A consequência da ausência de cadeia de custódia não é a redução do valor probatório. É a impossibilidade de uso. O problema não está na fase de valoração — está na admissibilidade. O dado sem cadeia de custódia não é prova fraca. É dado que não reúne condições mínimas para ingressar no processo como prova válida.

O STJ já reconheceu essa distinção. No AgRg no HC 738.418/SP, julgado pela 6ª Turma em março de 2025, a Corte afirmou que a ausência de cadeia de custódia na prova digital inviabiliza qualquer teste de confiabilidade — e que a consequência é a exclusão, não a redução de peso. A prova se torna imprestável.

O que o STF reconheceu

O Ministro Zanin partiu de uma constatação factual: todos os depoimentos mencionados na sentença, todas as provas documentais produzidas nas fases inquisitorial e processual, decorreram da busca e apreensão realizada em 2 de setembro de 2016. O único ato anterior — a prisão em flagrante do vereador Ozéias — não foi suficiente para elucidar o modus operandi do alegado esquema, identificar todos os envolvidos e o montante supostamente desviado.

A conclusão foi direta: a investigação que culminou na condenação de Garotinho possui a mesma origem ilícita já reconhecida pela Segunda Turma do STF no ARE 1.343.875/RJ. O que veio depois da busca e apreensão viciada não tem vida independente. A condenação foi anulada.

O §1.º do art. 157 do CPP estabelece que são inadmissíveis as provas derivadas das ilícitas, salvo quando demonstrado que poderiam ter sido obtidas por fonte independente. No caso, não havia fonte independente: a prova que se pretendia autônoma nasceu da mesma busca e apreensão comprometida desde a origem.

Lições que podemos extrair do caso “Operação Chequinho”

A decisão do STF não é sobre Garotinho. É sobre o que o Estado pode afirmar a partir de provas digitais obtidas sem controle metodológico.

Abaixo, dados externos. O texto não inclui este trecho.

(* Let $M$ be a free $\mathbb{T}$-module with a finite $\mathbb{T}$-basis, $V$ its associated complex vector space, and $(\cdot,\cdot)$ a bicomplex scalar product on $M$ which is hyperbolic positive and closed on $V$. Let $|\phi\rangle\in M$ and $|\psi\rangle\in V$. Then for $k=1,2$, $$\langle\phi_{\mathbf{e_k}}|(|\psi\rangle)=\langle\phi_{\mathbf{e_k}}|\psi\rangle,$$ where the left side is the functional $\langle\phi_{\mathbf{e_k}}|:|\chi\rangle\mapsto P_k(\langle\phi|\chi\rangle)$ evaluated at $|\psi\rangle$, and the right side is the scalar product $(|\phi_{\mathbf{e_k}}\rangle,|\psi\rangle)$ of the ket $|\phi_{\mathbf{e_k}}\rangle:=P_k(|\phi\rangle)\in V$ with $|\psi\rangle$.
   Context: Bicomplex numbers: $\mathbb{T}=\{z_1+z_2\mathbf{i_2}: z_1,z_2\in\mathbb{C}(\mathbf{i_1})\}$, $\mathbb{C}(\mathbf{i_1})=\{x+y\mathbf{i_1}: x,y\in\mathbb{R}\}$, $\mathbf{i_1}^2=\mathbf{i_2}^2=-1$, $\mathbf{i_1}\mathbf{i_2}=\mathbf{i_2}\mathbf{i_1}=\mathbf{j}$, $\mathbf{j}^2=1$ (commutative). Hyperbolic numbers $\mathbb{D}=\{x+y\mathbf{j}:x,y\in\mathbb{R}\}$. Idempotents $\mathbf{e_1}=(1+\mathbf{j})/2$, $\mathbf{e_2}=(1-\mathbf{j})/2$. Every $w=z_1+z_2\mathbf{i_2}$ is uniquely $w=(z_1-z_2\mathbf{i_1})\mathbf{e_1}+(z_1+z_2\mathbf{i_1})\mathbf{e_2}$; $P_1(w)=z_1-z_2\mathbf{i_1}$, $P_2(w)=z_1+z_2\mathbf{i_1}$. Conjugation: $(z_1+z_2\mathbf{i_2})^{\dagger_3}=\overline{z_1}-\overline{z_2}\mathbf{i_2}$. $\mathbb{D}^+=\{a\mathbf{e_1}+b\mathbf{e_2}: a,b\ge 0\}$. $M$ has $\mathbb{T}$-basis $\{|m_1\rangle,\dots,|m_n\rangle\}$, $V=\{\sum x_l|m_l\rangle: x_l\in\mathbb{C}(\mathbf{i_1})\}$; for $|\phi\rangle=\sum x_l|m_l\rangle$ with $x_l=x_{1l}\mathbf{e_1}+x_{2l}\mathbf{e_2}$, $x_{kl}\in\mathbb{C}(\mathbf{i_1})$, set $P_k(|\phi\rangle)=\sum_l x_{kl}|m_l\rangle\in V$. A bicomplex scalar product is a map $(\cdot,\cdot):M\times M\to\mathbb{T}$, additive in the second argument, with $(|\phi\rangle,\alpha|\psi\rangle)=\alpha(|\phi\rangle,|\psi\rangle)$ for $\alpha\in\mathbb{T}$, $(|\phi\rangle,|\psi\rangle)=(|\psi\rangle,|\phi\rangle)^{\dagger_3}$, $(|\phi\rangle,|\phi\rangle)=0\iff|\phi\rangle=0$; hyperbolic positive: $(|\phi\rangle,|\phi\rangle)\in\mathbb{D}^+$; closed on $V$: $(|\phi\rangle,|\psi\rangle)\in\mathbb{C}(\mathbf{i_1})$ for $|\phi\rangle,|\psi\rangle\in V$. The bra $\langle\phi|$ is the functional $|\psi\rangle\mapsto\langle\phi|\psi\rangle:=(|\phi\rangle,|\psi\rangle)$. *)

theory Defs
  imports Complex_Main
begin

text \<open>Bicomplex numbers: a pair (z1, z2) of elements of C(i1) (= complex) stands for
  z1 + z2 i2.\<close>
type_synonym bicomplex = "complex \<times> complex"

definition bc_add :: "bicomplex \<Rightarrow> bicomplex \<Rightarrow> bicomplex" where
  "bc_add w v = (fst w + fst v, snd w + snd v)"

definition bc_mult :: "bicomplex \<Rightarrow> bicomplex \<Rightarrow> bicomplex" where
  "bc_mult w v = (fst w * fst v - snd w * snd v, fst w * snd v + snd w * fst v)"

definition bc_zero :: bicomplex where "bc_zero = (0, 0)"

definition bc_of_complex :: "complex \<Rightarrow> bicomplex" where
  "bc_of_complex z = (z, 0)"

definition bc_conj3 :: "bicomplex \<Rightarrow> bicomplex" where
  "bc_conj3 w = (cnj (fst w), - cnj (snd w))"

definition bc_P1 :: "bicomplex \<Rightarrow> complex" where
  "bc_P1 w = fst w - snd w * \<i>"

definition bc_P2 :: "bicomplex \<Rightarrow> complex" where
  "bc_P2 w = fst w + snd w * \<i>"

definition bc_P :: "nat \<Rightarrow> bicomplex \<Rightarrow> complex" where
  "bc_P k w = (if k = 1 then bc_P1 w else bc_P2 w)"

text \<open>Idempotents e1 = (1+j)/2, e2 = (1-j)/2 with j = i1 i2 = (0, i).\<close>
definition bc_e1 :: bicomplex where "bc_e1 = (1/2, \<i>/2)"
definition bc_e2 :: bicomplex where "bc_e2 = (1/2, -\<i>/2)"

definition bc_hyp_pos :: "bicomplex \<Rightarrow> bool" where
  "bc_hyp_pos w \<longleftrightarrow> (\<exists>a b :: real. a \<ge> 0 \<and> b \<ge> 0 \<and>
      w = bc_add (bc_mult (bc_of_complex (complex_of_real a)) bc_e1)
                 (bc_mult (bc_of_complex (complex_of_real b)) bc_e2))"

text \<open>The free T-module M with finite basis |m_l>, l :: 'n, is represented by coordinate
  vectors 'n \<Rightarrow> bicomplex.\<close>
definition vadd :: "('n \<Rightarrow> bicomplex) \<Rightarrow> ('n \<Rightarrow> bicomplex) \<Rightarrow> ('n \<Rightarrow> bicomplex)" where
  "vadd x y = (\<lambda>l. bc_add (x l) (y l))"

definition vscale :: "bicomplex \<Rightarrow> ('n \<Rightarrow> bicomplex) \<Rightarrow> ('n \<Rightarrow> bicomplex)" where
  "vscale \<alpha> x = (\<lambda>l. bc_mult \<alpha> (x l))"

definition vzero :: "'n \<Rightarrow> bicomplex" where "vzero = (\<lambda>l. bc_zero)"

definition Vspace :: "('n \<Rightarrow> bicomplex) set" where
  "Vspace = {x. \<forall>l. snd (x l) = 0}"

definition vP :: "nat \<Rightarrow> ('n \<Rightarrow> bicomplex) \<Rightarrow> ('n \<Rightarrow> bicomplex)" where
  "vP k x = (\<lambda>l. bc_of_complex (bc_P k (x l)))"

definition bicomplex_scalar_product ::
  "(('n::finite \<Rightarrow> bicomplex) \<Rightarrow> ('n \<Rightarrow> bicomplex) \<Rightarrow> bicomplex) \<Rightarrow> bool" where
  "bicomplex_scalar_product sp \<longleftrightarrow>
     (\<forall>\<phi> \<psi> \<chi>. sp \<phi> (vadd \<psi> \<chi>) = bc_add (sp \<phi> \<psi>) (sp \<phi> \<chi>)) \<and>
     (\<forall>\<phi> \<psi> \<alpha>. sp \<phi> (vscale \<alpha> \<psi>) = bc_mult \<alpha> (sp \<phi> \<psi>)) \<and>
     (\<forall>\<phi> \<psi>. sp \<phi> \<psi> = bc_conj3 (sp \<psi> \<phi>)) \<and>
     (\<forall>\<phi>. sp \<phi> \<phi> = bc_zero \<longleftrightarrow> \<phi> = vzero)"

definition hyperbolic_positive ::
  "(('n::finite \<Rightarrow> bicomplex) \<Rightarrow> ('n \<Rightarrow> bicomplex) \<Rightarrow> bicomplex) \<Rightarrow> bool" where
  "hyperbolic_positive sp \<longleftrightarrow> (\<forall>\<phi>. bc_hyp_pos (sp \<phi> \<phi>))"

definition closed_on_V ::
  "(('n::finite \<Rightarrow> bicomplex) \<Rightarrow> ('n \<Rightarrow> bicomplex) \<Rightarrow> bicomplex) \<Rightarrow> bool" where
  "closed_on_V sp \<longleftrightarrow> (\<forall>\<phi> \<in> Vspace. \<forall>\<psi> \<in> Vspace. snd (sp \<phi> \<psi>) = 0)"

definition bra_ek ::
  "(('n \<Rightarrow> bicomplex) \<Rightarrow> ('n \<Rightarrow> bicomplex) \<Rightarrow> bicomplex) \<Rightarrow> nat \<Rightarrow>
   ('n \<Rightarrow> bicomplex) \<Rightarrow> ('n \<Rightarrow> bicomplex) \<Rightarrow> bicomplex" where
  "bra_ek sp k \<phi> = (\<lambda>\<chi>. bc_of_complex (bc_P k (sp \<phi> \<chi>)))"

end

theory Submission
  imports Defs
begin

text \<open>Write \<open>\<phi> = e\<^sub>1 P\<^sub>1(\<phi>) + e\<^sub>2 P\<^sub>2(\<phi>)\<close>. The scalar product is conjugate-linear in its
  first argument and the idempotents are fixed by \<open>\<dagger>\<^sub>3\<close>, so
  \<open>(\<phi>, \<psi>) = e\<^sub>1 (P\<^sub>1(\<phi>), \<psi>) + e\<^sub>2 (P\<^sub>2(\<phi>), \<psi>)\<close>. For \<open>\<psi> \<in> V\<close> both coefficients lie in
  \<open>\<complex>(i\<^sub>1)\<close> because the product is closed on \<open>V\<close>, hence they are exactly the idempotent
  components of \<open>(\<phi>, \<psi>)\<close>.\<close>

lemma bc_conj3_add: "bc_conj3 (bc_add a b) = bc_add (bc_conj3 a) (bc_conj3 b)"
  by (simp add: bc_conj3_def bc_add_def)

lemma bc_conj3_mult: "bc_conj3 (bc_mult a b) = bc_mult (bc_conj3 a) (bc_conj3 b)"
  by (simp add: bc_conj3_def bc_mult_def)

lemma bc_conj3_e1: "bc_conj3 bc_e1 = bc_e1"
  and bc_conj3_e2: "bc_conj3 bc_e2 = bc_e2"
  by (simp_all add: bc_conj3_def bc_e1_def bc_e2_def)

lemma bc_of_complex_fst: "snd w = 0 \<Longrightarrow> bc_of_complex (fst w) = w"
  by (simp add: bc_of_complex_def prod_eq_iff)

lemma bc_P_idempotent_sum:
  assumes "snd a = 0" and "snd b = 0"
  shows "bc_P 1 (bc_add (bc_mult bc_e1 a) (bc_mult bc_e2 b)) = fst a"
    and "bc_P 2 (bc_add (bc_mult bc_e1 a) (bc_mult bc_e2 b)) = fst b"
  using assms
  by (simp_all add: bc_P_def bc_P1_def bc_P2_def bc_add_def bc_mult_def bc_e1_def bc_e2_def
      complex_eq_iff add_divide_distrib[symmetric] diff_divide_distrib[symmetric])

lemma vP_in_Vspace: "vP k \<phi> \<in> Vspace"
  by (simp add: Vspace_def vP_def bc_of_complex_def)

lemma idempotent_decomposition: "\<phi> = vadd (vscale bc_e1 (vP 1 \<phi>)) (vscale bc_e2 (vP 2 \<phi>))"
proof
  fix l
  show "\<phi> l = vadd (vscale bc_e1 (vP 1 \<phi>)) (vscale bc_e2 (vP 2 \<phi>)) l"
    by (cases "\<phi> l")
      (simp add: vadd_def vscale_def vP_def bc_add_def bc_mult_def bc_e1_def bc_e2_def
        bc_of_complex_def bc_P_def bc_P1_def bc_P2_def complex_eq_iff
        add_divide_distrib[symmetric] diff_divide_distrib[symmetric])
qed

context
  fixes sp :: "('n::finite \<Rightarrow> bicomplex) \<Rightarrow> ('n \<Rightarrow> bicomplex) \<Rightarrow> bicomplex"
  assumes sp: "bicomplex_scalar_product sp"
begin

lemma sp_add_right: "sp \<phi> (vadd \<psi> \<chi>) = bc_add (sp \<phi> \<psi>) (sp \<phi> \<chi>)"
  and sp_scale_right: "sp \<phi> (vscale \<alpha> \<psi>) = bc_mult \<alpha> (sp \<phi> \<psi>)"
  and sp_conj_sym: "sp \<phi> \<psi> = bc_conj3 (sp \<psi> \<phi>)"
  using sp unfolding bicomplex_scalar_product_def by blast+

lemma sp_add_left: "sp (vadd \<phi> \<chi>) \<psi> = bc_add (sp \<phi> \<psi>) (sp \<chi> \<psi>)"
proof -
  have "sp (vadd \<phi> \<chi>) \<psi> = bc_conj3 (sp \<psi> (vadd \<phi> \<chi>))"
    by (rule sp_conj_sym)
  also have "\<dots> = bc_add (bc_conj3 (sp \<psi> \<phi>)) (bc_conj3 (sp \<psi> \<chi>))"
    by (simp only: sp_add_right bc_conj3_add)
  finally show ?thesis
    by (simp only: sp_conj_sym[of \<phi> \<psi>] sp_conj_sym[of \<chi> \<psi>])
qed

lemma sp_scale_left: "sp (vscale \<alpha> \<phi>) \<psi> = bc_mult (bc_conj3 \<alpha>) (sp \<phi> \<psi>)"
proof -
  have "sp (vscale \<alpha> \<phi>) \<psi> = bc_conj3 (sp \<psi> (vscale \<alpha> \<phi>))"
    by (rule sp_conj_sym)
  also have "\<dots> = bc_mult (bc_conj3 \<alpha>) (bc_conj3 (sp \<psi> \<phi>))"
    by (simp only: sp_scale_right bc_conj3_mult)
  finally show ?thesis
    by (simp only: sp_conj_sym[of \<phi> \<psi>])
qed

lemma sp_idempotent_split:
  "sp \<phi> \<psi> = bc_add (bc_mult bc_e1 (sp (vP 1 \<phi>) \<psi>)) (bc_mult bc_e2 (sp (vP 2 \<phi>) \<psi>))"
  by (subst idempotent_decomposition[of \<phi>]) (simp only: sp_add_left sp_scale_left bc_conj3_e1 bc_conj3_e2)

end

theorem mainTheorem17:
  fixes sp :: "('n::finite \<Rightarrow> bicomplex) \<Rightarrow> ('n \<Rightarrow> bicomplex) \<Rightarrow> bicomplex"
    and \<phi> \<psi> :: "'n \<Rightarrow> bicomplex"
    and k :: nat
  assumes "bicomplex_scalar_product sp"
    and "hyperbolic_positive sp"
    and "closed_on_V sp"
    and "\<psi> \<in> Vspace"
    and "k \<in> {1, 2}"
  shows "bra_ek sp k \<phi> \<psi> = sp (vP k \<phi>) \<psi>"
proof -
  have closed: "snd (sp (vP j \<phi>) \<psi>) = 0" for j
    using assms(3,4) vP_in_Vspace unfolding closed_on_V_def by blast
  from assms(5) consider "k = 1" | "k = 2"
    by blast
  then have "bc_P k (sp \<phi> \<psi>) = fst (sp (vP k \<phi>) \<psi>)"
    by cases (simp_all only: sp_idempotent_split[OF assms(1), of \<phi> \<psi>]
        bc_P_idempotent_sum[OF closed closed])
  then show ?thesis
    unfolding bra_ek_def using bc_of_complex_fst[OF closed] by simp
qed

end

Se dados digitais podem ser extraídos por pendrive, sem registro de integridade, sem perícia, sem documentação da cadeia desde a origem — e se essa extração é suficiente para sustentar uma condenação a quase 14 anos —, então qualquer pessoa investigada com esse tipo de prova está vulnerável ao que o dado parece ser, não ao que ele é.

O processo penal não pode ser regido por aparências. A prova precisa sobreviver à pergunta: como você chegou até aqui? Sem cadeia de custódia, essa pergunta não tem resposta. Se isso não estiver corretamente documentado, a prova é imprestável.